Managing Your Enterprise-Software-Vendor Stockholm Syndrome

Dennis Byron

A blog post yesterday by Wayne Eckerson at Enterprise Systems entitled The End of Enterprise Software builds its theory around the following observation:

" the business model for enterprise software vendors has switched from selling licenses to selling maintenance and support. He said maintenance fees now comprise 45 percent of revenues and a lion's share of profitability. This is largely because the software market has matured and consolidated, leaving customers hostage to a few big companies"
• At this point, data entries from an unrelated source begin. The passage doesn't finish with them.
(* Suppose all bidders' valuations are constrained additive over independent items. Let $D=\times_{i,j}D_{ij}$ and $\hat D=\times_{i,j}\hat D_{ij}$, where each $D_{ij}$ and $\hat D_{ij}$ is supported on $[0,H]$ and $\|D_{ij}-\hat D_{ij}\|_K\le\xi$ for all $i\in[n]$, $j\in[m]$. For any sequential posted price with entry fee mechanism (SPEM), let $\textsc{Rev}$ and $\widehat{\textsc{Rev}}$ be its expected revenue under $D$ and $\hat D$ respectively. Then $$\left|\textsc{Rev}-\widehat{\textsc{Rev}}\right|\le2nm\xi\cdot\left(mH+\mathrm{OPT}\right).$$
   Context: There are $n$ bidders and $m$ items; bidder $i$'s type is $t_i=(t_{i1},\dots,t_{im})$ with $t_{ij}$ (her value for item $j$) drawn independently from $D_{ij}$ (or $\hat D_{ij}$). Constrained additive: $v_i(t_i,S)=\max_{R\subseteq S,R\in\mathcal I_i}\sum_{j\in R}t_{ij}$ for a downward-closed $\mathcal I_i\subseteq2^{[m]}$. Kolmogorov distance: $\|P-Q\|_K=\sup_x|\Pr_P[X\le x]-\Pr_Q[X\le x]|$. An SPEM is given by prices $\{p_{ij}\}$ and entry fee functions $\delta_i:2^{[m]}\to\mathbb R$; starting with $S=[m]$, bidders $i=1,\dots,n$ are visited in order; bidder $i$ is shown the available set $S$ and entry fee $\delta_i(S)$; if she pays the fee she receives her favorite bundle $S_i^*\in\arg\max_{S'\subseteq S}v_i(t_i,S')-\sum_{j\in S'}p_{ij}$, pays $\sum_{j\in S_i^*}p_{ij}$, and $S\leftarrow S\setminus S_i^*$; otherwise she gets and pays nothing. OPT denotes the optimal expected revenue achievable by any randomized BIC mechanism. *)

theory Defs
  imports "HOL-Probability.Probability"
begin

text \<open>Bidders are 0..<n (visited in this order), items are 0..<m.
  A type profile is a function t :: nat \<times> nat \<Rightarrow> real, t (i,j) = value of bidder i for item j.\<close>

definition constrained_family :: "nat \<Rightarrow> nat set set \<Rightarrow> bool" where
  "constrained_family m F \<longleftrightarrow> {} \<in> F \<and> (\<forall>S\<in>F. S \<subseteq> {..<m}) \<and> (\<forall>S\<in>F. \<forall>T. T \<subseteq> S \<longrightarrow> T \<in> F)"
I agree, as I wrote in EMC/VMWare/Springsource Wants to Be Your Strategic Enterprise Software Partner, that
"This is largely because the software market has matured and consolidated," and that it leaves customers hostage to a few big companies. That's why it's important to understand the facts behind your captivity. As with the real Stockholm Syndrome, the conventional wisdom in the media might not agree with reality.


Based on my research, Wayne's observation (quoting a third party by the way) unfortunately veers away from reality in its first two sentences. And it might steer you in the wrong direction, too. The post concludes that this switch in enterprise-software "business model" is good news for open source. That is a mixed-up correlation in at least two dimensions. A lot of enterprise software is distributed under open source terms and conditions. And the way people make money on open source software is by "selling maintenance and support." (There is an argument in this strain of logic for third-party maintenance providers such as Rimini Street, however.)


I could probably find more issues relative to the open source tie-in but that's not why I'm writing this post. It's more important to understand that the basic fact is wrong. There has been no recent switch to "selling maintenance and support." That's the way enterprise software suppliers have always realized the "lion's share of profitability."


For the last 30 years - but this does not include IBM or Microsoft, the two leading enterprise software providers - software companies have tried to build a balanced revenue flow of 33 percent license, 33 percent subscription maintenance and 33 percent professional services. The license revenue stream is mostly easy -- sell upgrades and add-ons -- but still licenses are loss leaders because of the costs of making the initial sale to you. Professional services are simply a have-to-have like the Maytag repair man; Microsoft has avoided most of this by depending on its channel. IBM has made professional and managerial services its primary business.


The profits for most software suppliers are and always have been in the maintenance stream. This is not unique to software marketing or coincidental; add in bundling and substitute punched cards for subscription maintenance and this is how IBM made its money from way back when it was called Computer Tabluating and Recording, or some such name.


In bad economic times such as 2009, the mix for classic enterprise software providers changes to a heavier dependence on maintenance revenue stream because you delay license purchases and professional services contracts. But most of you keep up your subscription maintenance contracts because you need the tax-law changes, the bug fixes, support for new devices, and so forth.


So it's your fault that Oracle has such a high percentage of maintenance revenue, not Oracle's. (That's a joke.)


More seriously, do all you can to control who your captors are.